OMG. Luna sleeps the same way . So cute.


----------



## IrisBramble (Oct 15, 2015)

Rosie's Instagram account https://www.instagram.com/rosiecotton_the_puppy/


----------



## Gee123 (Dec 20, 2015)

Those pics of Rosie sinking into her bed are super cute. I like to run Gigi daily bc it does seem to make her mellow like that?


----------



## IrisBramble (Oct 15, 2015)

Yes it makes Rosie so mellow she gets her zoomies out i try 2 times a day.


----------



## Wicky (Aug 27, 2015)

Oh my goodness what a cutie!!!


----------



## Gee123 (Dec 20, 2015)

IrisBramble said:


> Yes it makes Rosie so mellow she gets her zoomies out i try 2 times a day.

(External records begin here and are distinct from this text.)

subsection \<open>Real NBVS sequences\<close>

lemma NBVS_of_real_nonneg:
  assumes "NBVS (\<lambda>n. complex_of_real (c n))" and "1 \<le> m"
  shows "0 \<le> c m"
proof (rule ccontr)
  assume "\<not> 0 \<le> c m"
  obtain \<theta>0 where "\<theta>0 < pi / 2" and "complex_of_real (c m) \<in> sector \<theta>0"
    using assms unfolding NBVS_def by blast
  with \<open>\<not> 0 \<le> c m\<close> show False
    using pi_gt_zero by (auto simp: sector_def)
qed

lemma NBVS_of_real_quasi_monotone:
  assumes "NBVS (\<lambda>n. complex_of_real (c n))"
  obtains K where "0 \<le> K"
    and "\<And>m M. 1 \<le> m \<Longrightarrow> m \<le> M \<Longrightarrow> M \<le> 2 * m \<Longrightarrow> c M \<le> K * (c m + c (2 * m))"
proof -
  obtain K where "K > 0" and variation: "\<And>m. 1 \<le> m \<Longrightarrow>
      (\<Sum>i=m..2*m. \<bar>c i - c (Suc i)\<bar>) \<le> K * (\<bar>c m\<bar> + \<bar>c (2 * m)\<bar>)"
    using assms unfolding NBVS_def by (auto simp flip: of_real_diff)
  have "c M \<le> (K + 1) * (c m + c (2 * m))" if m: "1 \<le> m" "m \<le> M" "M \<le> 2 * m" for m M
  proof -
    have nonneg: "0 \<le> c m" "0 \<le> c (2 * m)"
      using NBVS_of_real_nonneg[OF assms] m by simp_all
    have "c M - c m = (\<Sum>i=m..<M. c (Suc i) - c i)"
      using m by (simp add: sum_Suc_diff')
    also have "\<dots> \<le> (\<Sum>i=m..<M. \<bar>c i - c (Suc i)\<bar>)"
      by (rule sum_mono) auto
    also have "\<dots> \<le> (\<Sum>i=m..2*m. \<bar>c i - c (Suc i)\<bar>)"
      by (rule sum_mono2) (use m in auto)
    also have "\<dots> \<le> K * (c m + c (2 * m))"
      using variation[OF m(1)] nonneg by simp
    finally show ?thesis
      using nonneg by (simp add: algebra_simps)
  qed
  then show thesis
    using that[of "K + 1"] \<open>K > 0\<close> by simp
qed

That's really good! Lucky Rosie!


----------



## IrisBramble (Oct 15, 2015)

I took Rosie to the vet today since i think she has a UTI we will get results tomorrow they have to send out the urine to their lab for more accurate results. 

She now weighs 10.8lbs so almost 11lbs up from 6.5lbs a little over 3 weeks ago.


----------



## Amystelter (Jul 31, 2013)

*Zoo irks*

[I have since added "zoomies" into my vocabulary. Every once in a while Lucy will run from one end of the house to the other, back and forth, back and forth. Yesterday I told her no more zoomies in the house. I through all three outside and she continued to do laps around the back yard. Does make for a better 'all night sleepQUOTE=IrisBramble;6256465]Yes it makes Rosie so mellow she gets her zoomies out i try 2 times a day.[/QUOTE]


----------



## IrisBramble (Oct 15, 2015)

She was out 2x today getting all her Zoomies out lol then the grandparents came over and took her out again so she got a extra play outside lol She's passed out right now.


----------



## IrisBramble (Oct 15, 2015)

Rosie does have a UTI so were gonna go pick up meds soon for her.


----------



## Rundlemtn (Jan 16, 2015)

Aww sorry to hear! Hope she gets better soon!!


----------



## Karen519 (Aug 21, 2006)

*Rosie*

Hope Rosie gets better quickly!! She is such a doll!!


----------



## Gee123 (Dec 20, 2015)

Poor baby! I'm glad you are on top of things - getting everyone back to good health!


----------



## IrisBramble (Oct 15, 2015)

Thanks everyone for the well wishes  miss prancing pony is being spoiled, we took her to the pet store with us which she loves because everyone loves her lol.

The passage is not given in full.